(Dataset entries)
====

(* Let $(X,d)$ be a compact metric space, $\mathbb{F}=\{f_n:n\in\mathbb{N}\}$ a sequence of continuous surjective self-maps of $X$, and $k\in\mathbb{N}$. If $(X,\mathbb{F})$ is syndetically (resp. cofinitely) sensitive then $(X,\mathbb{F}_k)$ is syndetically (resp. cofinitely) sensitive. If the family $\mathbb{F}$ is feeble open, then $(X,\mathbb{F}_k)$ syndetically (resp. cofinitely) sensitive implies $(X,\mathbb{F})$ syndetically (resp. cofinitely) sensitive.
   Context: Write $\omega_n=f_n\circ\cdots\circ f_1$ and, for $n>k$, $\omega^k_n=f_n\circ\cdots\circ f_{k+1}$; $\mathbb{F}_k=\{f_n:n\ge k+1\}$ is the truncated family. $(X,\mathbb{F})$ is syndetically sensitive if there is $\delta>0$ such that for every non-empty open $U$ the set $\{n\in\mathbb{N}:\mathrm{diam}(\omega_n(U))>\delta\}$ is syndetic (has bounded gaps); it is cofinitely sensitive if there is $\delta>0$ such that for every non-empty open $U$ there is $K$ with $\mathrm{diam}(\omega_n(U))>\delta$ for all $n\ge K$. The same notions for $(X,\mathbb{F}_k)$ use $\omega^k_n$ ($n>k$). $\mathbb{F}$ is feeble open if for every non-empty open $U$ and every $f\in\mathbb{F}$, $f(U)$ has non-empty interior. *)

theory Defs
  imports "HOL-Analysis.Analysis"
begin

text \<open>The family is indexed from 1: f 1, f 2, ... (the value f 0 is never used).
  omega f k n = f n o ... o f (k+1) for n > k, and the identity for n \<le> k.
  omega f 0 n is the full composition f n o ... o f 1.\<close>
fun omega :: "(nat \<Rightarrow> 'a \<Rightarrow> 'a) \<Rightarrow> nat \<Rightarrow> nat \<Rightarrow> 'a \<Rightarrow> 'a" where
  "omega f k 0 = id"
| "omega f k (Suc n) = (if Suc n \<le> k then id else f (Suc n) \<circ> omega f k n)"

definition syndetic :: "nat set \<Rightarrow> bool" where
  "syndetic S \<longleftrightarrow> (\<exists>M. \<forall>n. \<exists>m\<in>S. n \<le> m \<and> m \<le> n + M)"

definition synd_sensitive :: "'a::metric_space set \<Rightarrow> (nat \<Rightarrow> 'a \<Rightarrow> 'a) \<Rightarrow> nat \<Rightarrow> bool" where
  "synd_sensitive X f k \<longleftrightarrow> (\<exists>\<delta>>0. \<forall>U. openin (top_of_set X) U \<and> U \<noteq> {} \<longrightarrow>
      syndetic {n. k < n \<and> diameter (omega f k n ` U) > \<delta>})"

definition cofin_sensitive :: "'a::metric_space set \<Rightarrow> (nat \<Rightarrow> 'a \<Rightarrow> 'a) \<Rightarrow> nat \<Rightarrow> bool" where
  "cofin_sensitive X f k \<longleftrightarrow> (\<exists>\<delta>>0. \<forall>U. openin (top_of_set X) U \<and> U \<noteq> {} \<longrightarrow>
      (\<exists>K. \<forall>n. K \<le> n \<and> k < n \<longrightarrow> diameter (omega f k n ` U) > \<delta>))"

definition feeble_open :: "'a::metric_space set \<Rightarrow> (nat \<Rightarrow> 'a \<Rightarrow> 'a) \<Rightarrow> bool" where
  "feeble_open X f \<longleftrightarrow> (\<forall>U n. openin (top_of_set X) U \<and> U \<noteq> {} \<and> 1 \<le> n \<longrightarrow>
      (top_of_set X) interior_of (f n ` U) \<noteq> {})"

end

theory Submission
  imports Defs
begin

text \<open>Write \<open>g = \<omega>\<^sub>k\<close> for the first \<open>k\<close> maps, so that \<open>\<omega>\<^sub>n = \<omega>\<^sup>k\<^sub>n \<circ> g\<close> for \<open>n > k\<close>.
  Going from \<open>\<FF>\<close> to \<open>\<FF>\<^sub>k\<close>: a nonempty open \<open>U\<close> pulls back under the continuous
  surjection \<open>g\<close> to a nonempty open \<open>V\<close> with \<open>g(V) \<subseteq> U\<close>, so \<open>\<omega>\<^sub>n(V) \<subseteq> \<omega>\<^sup>k\<^sub>n(U)\<close> and every
  large diameter for \<open>V\<close> is one for \<open>U\<close>. Going back: if the family is feeble open, \<open>g(U)\<close>
  contains a nonempty open \<open>W\<close>, and \<open>\<omega>\<^sup>k\<^sub>n(W) \<subseteq> \<omega>\<^sub>n(U)\<close>. In both directions the set of
  times with diameter \<open>> \<delta>\<close> only grows, up to finitely many initial times, which neither
  syndeticity nor cofiniteness notices.\<close>

lemma syndetic_mono: "syndetic S \<Longrightarrow> S \<subseteq> T \<Longrightarrow> syndetic T"
  unfolding syndetic_def by blast

lemma syndetic_Int_greaterThan:
  assumes "syndetic S" shows "syndetic {n \<in> S. k < n}"
proof -
  obtain M where M: "\<forall>n. \<exists>m\<in>S. n \<le> m \<and> m \<le> n + M"
    using assms unfolding syndetic_def by auto
  show ?thesis unfolding syndetic_def
  proof (intro exI allI)
    fix n
    obtain m where "m \<in> S" "n + k + 1 \<le> m" "m \<le> n + k + 1 + M" using M by blast
    then show "\<exists>m\<in>{n \<in> S. k < n}. n \<le> m \<and> m \<le> n + (k + 1 + M)" by auto
  qed
qed

lemma omega_self [simp]: "omega f k k = id"
  by (cases k) simp_all

lemma omega_split:
  assumes "j \<le> k" "k \<le> n"
  shows "omega f j n = omega f k n \<circ> omega f j k"
  using assms(2)
proof (induction n)
  case 0 then show ?case by simp
next
  case (Suc n)
  show ?case
  proof (cases "k = Suc n")
    case False
    with Suc.prems assms(1) show ?thesis by (simp add: Suc.IH comp_assoc)
  qed simp
qed

lemma omega_Suc_image:
  "omega f k (Suc n) ` A = (if Suc n \<le> k then A else f (Suc n) ` omega f k n ` A)"
  by (simp add: image_comp)

lemma omega_image_subset:
  assumes "\<And>n. 1 \<le> n \<Longrightarrow> f n ` X \<subseteq> X"
  shows "omega f k n ` X \<subseteq> X"
proof (induction n)
  case (Suc n)
  then show ?case using assms[of "Suc n"] by (auto simp: omega_Suc_image simp del: omega.simps)
qed simp

lemma omega_image_eq:
  assumes "\<And>n. 1 \<le> n \<Longrightarrow> f n ` X = X"
  shows "omega f k n ` X = X"
proof (induction n)
  case (Suc n)
  then show ?case using assms[of "Suc n"] by (simp add: omega_Suc_image del: omega.simps)
qed simp

lemma continuous_on_omega:
  assumes "\<And>n. 1 \<le> n \<Longrightarrow> continuous_on X (f n)"
    and "\<And>n. 1 \<le> n \<Longrightarrow> f n ` X \<subseteq> X"
  shows "continuous_on X (omega f k n)"
proof (induction n)
  case (Suc n)
  have "omega f k n ` X \<subseteq> X" using assms(2) by (rule omega_image_subset)
  then have "continuous_on (omega f k n ` X) (f (Suc n))"
    by (intro continuous_on_subset[OF assms(1)]) simp_all
  with Suc.IH have "continuous_on X (f (Suc n) \<circ> omega f k n)"
    by (rule continuous_on_compose)
  then show ?case by simp
qed simp

lemma diameter_omega_image_mono:
  assumes "bounded X" "\<And>n. 1 \<le> n \<Longrightarrow> f n ` X \<subseteq> X" "A \<subseteq> B" "B \<subseteq> X"
  shows "diameter (omega f k n ` A) \<le> diameter (omega f k n ` B)"
proof (rule diameter_subset)
  have "omega f k n ` B \<subseteq> omega f k n ` X" using assms(4) by (rule image_mono)
  also have "\<dots> \<subseteq> X" using assms(2) by (rule omega_image_subset)
  finally show "bounded (omega f k n ` B)" using assms(1) by (rule bounded_subset[rotated])
  show "omega f k n ` A \<subseteq> omega f k n ` B" using assms(3) by (rule image_mono)
qed

lemma feeble_open_omega_image:
  assumes "feeble_open X f" "openin (top_of_set X) U" "U \<noteq> {}"
  shows "\<exists>W. openin (top_of_set X) W \<and> W \<noteq> {} \<and> W \<subseteq> omega f k n ` U"
proof (induction n)
  case (Suc n)
  then obtain W where W: "openin (top_of_set X) W" "W \<noteq> {}" "W \<subseteq> omega f k n ` U"
    by blast
  show ?case
  proof (cases "Suc n \<le> k")
    case True
    with assms(2,3) show ?thesis by auto
  next
    case False
    let ?W' = "top_of_set X interior_of (f (Suc n) ` W)"
    have "?W' \<noteq> {}" using assms(1) W(1,2) unfolding feeble_open_def by auto
    moreover have "?W' \<subseteq> f (Suc n) ` omega f k n ` U"
      by (meson W(3) image_mono interior_of_subset order_trans)
    with False have "?W' \<subseteq> omega f k (Suc n) ` U"
      by (simp add: omega_Suc_image del: omega.simps)
    ultimately show ?thesis by (meson openin_interior_of)
  qed
qed (use assms(2,3) in auto)

definition diameters_dominate ::
    "'a::metric_space set \<Rightarrow> (nat \<Rightarrow> 'a \<Rightarrow> 'a) \<Rightarrow> nat \<Rightarrow> (nat \<Rightarrow> 'a \<Rightarrow> 'a) \<Rightarrow> nat \<Rightarrow> bool" where
  "diameters_dominate X g i f j \<longleftrightarrow>
    (\<forall>U. openin (top_of_set X) U \<and> U \<noteq> {} \<longrightarrow>
      (\<exists>V. openin (top_of_set X) V \<and> V \<noteq> {} \<and>
        (\<forall>n. max i j < n \<longrightarrow> diameter (omega f j n ` V) \<le> diameter (omega g i n ` U))))"

lemma synd_sensitive_transfer:
  assumes "synd_sensitive X f j"
    and "diameters_dominate X g i f j"
  shows "synd_sensitive X g i"
proof -
  obtain \<delta> where \<delta>: "\<delta> > 0" "\<And>V. openin (top_of_set X) V \<and> V \<noteq> {} \<Longrightarrow>
      syndetic {n. j < n \<and> diameter (omega f j n ` V) > \<delta>}"
    using assms(1) unfolding synd_sensitive_def by blast
  have "syndetic {n. i < n \<and> diameter (omega g i n ` U) > \<delta>}"
    if U: "openin (top_of_set X) U" "U \<noteq> {}" for U
  proof -
    obtain V where V: "openin (top_of_set X) V" "V \<noteq> {}"
      "\<And>n. max i j < n \<Longrightarrow> diameter (omega f j n ` V) \<le> diameter (omega g i n ` U)"
      using assms(2) U unfolding diameters_dominate_def by blast
    have "syndetic {n \<in> {n. j < n \<and> diameter (omega f j n ` V) > \<delta>}. i < n}"
      using syndetic_Int_greaterThan \<delta>(2) V(1,2) by blast
    moreover have "{n \<in> {n. j < n \<and> diameter (omega f j n ` V) > \<delta>}. i < n}
        \<subseteq> {n. i < n \<and> diameter (omega g i n ` U) > \<delta>}"
      using V(3) by fastforce
    ultimately show ?thesis by (rule syndetic_mono)
  qed
  with \<delta>(1) show ?thesis unfolding synd_sensitive_def by blast
qed

lemma cofin_sensitive_transfer:
  assumes "cofin_sensitive X f j"
    and "diameters_dominate X g i f j"
  shows "cofin_sensitive X g i"
proof -
  obtain \<delta> where \<delta>: "\<delta> > 0" "\<And>V. openin (top_of_set X) V \<and> V \<noteq> {} \<Longrightarrow>
      \<exists>K. \<forall>n. K \<le> n \<and> j < n \<longrightarrow> diameter (omega f j n ` V) > \<delta>"
    using assms(1) unfolding cofin_sensitive_def by blast
  have "\<exists>K. \<forall>n. K \<le> n \<and> i < n \<longrightarrow> diameter (omega g i n ` U) > \<delta>"
    if U: "openin (top_of_set X) U" "U \<noteq> {}" for U
  proof -
    obtain V where V: "openin (top_of_set X) V" "V \<noteq> {}"
      "\<And>n. max i j < n \<Longrightarrow> diameter (omega f j n ` V) \<le> diameter (omega g i n ` U)"
      using assms(2) U unfolding diameters_dominate_def by blast
    obtain K where K: "\<And>n. K \<le> n \<and> j < n \<Longrightarrow> diameter (omega f j n ` V) > \<delta>"
      using \<delta>(2) V(1,2) by blast
    have "diameter (omega g i n ` U) > \<delta>" if "max K (Suc j) \<le> n" "i < n" for n
      using K[of n] V(3)[of n] that by fastforce
    then show ?thesis by blast
  qed
  with \<delta>(1) show ?thesis unfolding cofin_sensitive_def by blast
qed

lemma diameters_dominate_pullback:
  assumes "bounded X" "j \<le> k"
    and "\<And>n. 1 \<le> n \<Longrightarrow> continuous_on X (f n)" "\<And>n. 1 \<le> n \<Longrightarrow> f n ` X = X"
  shows "diameters_dominate X f k f j"
  unfolding diameters_dominate_def
proof (intro allI impI)
  fix U assume "openin (top_of_set X) U \<and> U \<noteq> {}"
  then have U_open: "openin (top_of_set X) U" and "U \<noteq> {}" by blast+
  have "U \<subseteq> X" using U_open by (rule openin_imp_subset)
  let ?g = "omega f j k"
  have maps_into: "\<And>n. 1 \<le> n \<Longrightarrow> f n ` X \<subseteq> X" using assms(4) by simp
  have onto: "?g ` X = X" using omega_image_eq[OF assms(4)] .
  define V where "V = X \<inter> ?g -` U"
  have "continuous_on X ?g" using assms(3) maps_into by (rule continuous_on_omega)
  moreover have "?g \<in> X \<rightarrow> X" using onto by (simp add: image_subset_iff_funcset[symmetric])
  ultimately have "openin (top_of_set X) V"
    unfolding V_def using U_open by (rule continuous_openin_preimage)
  moreover have "V \<noteq> {}"
  proof -
    obtain u where "u \<in> U" using \<open>U \<noteq> {}\<close> by blast
    then have "u \<in> ?g ` X" unfolding onto using \<open>U \<subseteq> X\<close> by blast
    then obtain x where "x \<in> X" "?g x = u" by blast
    with \<open>u \<in> U\<close> show ?thesis unfolding V_def by blast
  qed
  moreover have "diameter (omega f j n ` V) \<le> diameter (omega f k n ` U)" if "max k j < n" for n
  proof -
    have "omega f j n ` V = omega f k n ` ?g ` V"
      using omega_split[OF assms(2), of n f] that by (simp add: image_comp)
    moreover have "?g ` V \<subseteq> U" unfolding V_def by blast
    ultimately show ?thesis
      using diameter_omega_image_mono[OF assms(1) maps_into _ \<open>U \<subseteq> X\<close>] by simp
  qed
  ultimately show "\<exists>V. openin (top_of_set X) V \<and> V \<noteq> {} \<and>
      (\<forall>n. max k j < n \<longrightarrow> diameter (omega f j n ` V) \<le> diameter (omega f k n ` U))"
    by blast
qed

lemma diameters_dominate_pushforward:
  assumes "bounded X" "j \<le> k" "feeble_open X f"
    and "\<And>n. 1 \<le> n \<Longrightarrow> f n ` X \<subseteq> X"
  shows "diameters_dominate X f j f k"
  unfolding diameters_dominate_def
proof (intro allI impI)
  fix U assume "openin (top_of_set X) U \<and> U \<noteq> {}"
  then have U_open: "openin (top_of_set X) U" and "U \<noteq> {}" by blast+
  let ?g = "omega f j k"
  obtain W where W: "openin (top_of_set X) W" "W \<noteq> {}" "W \<subseteq> ?g ` U"
    using feeble_open_omega_image[OF assms(3) U_open \<open>U \<noteq> {}\<close>] by blast
  have "U \<subseteq> X" using U_open by (rule openin_imp_subset)
  then have "?g ` U \<subseteq> ?g ` X" by (rule image_mono)
  also have "\<dots> \<subseteq> X" using assms(4) by (rule omega_image_subset)
  finally have "?g ` U \<subseteq> X" .
  then have "diameter (omega f k n ` W) \<le> diameter (omega f j n ` U)" if "max j k < n" for n
    using diameter_omega_image_mono[OF assms(1,4) W(3)] omega_split[OF assms(2), of n f] that
    by (simp add: image_comp)
  with W(1,2) show "\<exists>W. openin (top_of_set X) W \<and> W \<noteq> {} \<and>
      (\<forall>n. max j k < n \<longrightarrow> diameter (omega f k n ` W) \<le> diameter (omega f j n ` U))"
    by blast
qed

theorem mainTheorem7:
  fixes X :: "'a::metric_space set" and f :: "nat \<Rightarrow> 'a \<Rightarrow> 'a" and k :: nat
  assumes "compact X"
    and "\<And>n. 1 \<le> n \<Longrightarrow> continuous_on X (f n)"
    and "\<And>n. 1 \<le> n \<Longrightarrow> f n ` X = X"
  shows "(synd_sensitive X f 0 \<longrightarrow> synd_sensitive X f k)
       \<and> (cofin_sensitive X f 0 \<longrightarrow> cofin_sensitive X f k)
       \<and> (feeble_open X f \<longrightarrow>
            (synd_sensitive X f k \<longrightarrow> synd_sensitive X f 0)
          \<and> (cofin_sensitive X f k \<longrightarrow> cofin_sensitive X f 0))"
proof -
  have bounded: "bounded X" using assms(1) by (rule compact_imp_bounded)
  have maps_into: "\<And>n. 1 \<le> n \<Longrightarrow> f n ` X \<subseteq> X" using assms(3) by simp
  have pullback: "diameters_dominate X f k f 0"
    using diameters_dominate_pullback[OF bounded _ assms(2,3)] by simp
  have pushforward: "diameters_dominate X f 0 f k" if "feeble_open X f"
    using diameters_dominate_pushforward[OF bounded _ that maps_into] by simp
  show ?thesis
    using synd_sensitive_transfer[OF _ pullback] cofin_sensitive_transfer[OF _ pullback]
      synd_sensitive_transfer[OF _ pushforward] cofin_sensitive_transfer[OF _ pushforward]
    by blast
qed

end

====

▶ WHAT THE TASK REQUIRES
Starting at the first line of the data above, retype each line exactly until you reach the line containing "omega f k n = f", and include that line too.

▶ RESULT OF THE TASK
(* Let $(X,d)$ be a compact metric space, $\mathbb{F}=\{f_n:n\in\mathbb{N}\}$ a sequence of continuous surjective self-maps of $X$, and $k\in\mathbb{N}$. If $(X,\mathbb{F})$ is syndetically (resp. cofinitely) sensitive then $(X,\mathbb{F}_k)$ is syndetically (resp. cofinitely) sensitive. If the family $\mathbb{F}$ is feeble open, then $(X,\mathbb{F}_k)$ syndetically (resp. cofinitely) sensitive implies $(X,\mathbb{F})$ syndetically (resp. cofinitely) sensitive.
   Context: Write $\omega_n=f_n\circ\cdots\circ f_1$ and, for $n>k$, $\omega^k_n=f_n\circ\cdots\circ f_{k+1}$; $\mathbb{F}_k=\{f_n:n\ge k+1\}$ is the truncated family. $(X,\mathbb{F})$ is syndetically sensitive if there is $\delta>0$ such that for every non-empty open $U$ the set $\{n\in\mathbb{N}:\mathrm{diam}(\omega_n(U))>\delta\}$ is syndetic (has bounded gaps); it is cofinitely sensitive if there is $\delta>0$ such that for every non-empty open $U$ there is $K$ with $\mathrm{diam}(\omega_n(U))>\delta$ for all $n\ge K$. The same notions for $(X,\mathbb{F}_k)$ use $\omega^k_n$ ($n>k$). $\mathbb{F}$ is feeble open if for every non-empty open $U$ and every $f\in\mathbb{F}$, $f(U)$ has non-empty interior. *)

theory Defs
  imports "HOL-Analysis.Analysis"
begin

text \<open>The family is indexed from 1: f 1, f 2, ... (the value f 0 is never used).
  omega f k n = f n o ... o f (k+1) for n > k, and the identity for n \<le> k.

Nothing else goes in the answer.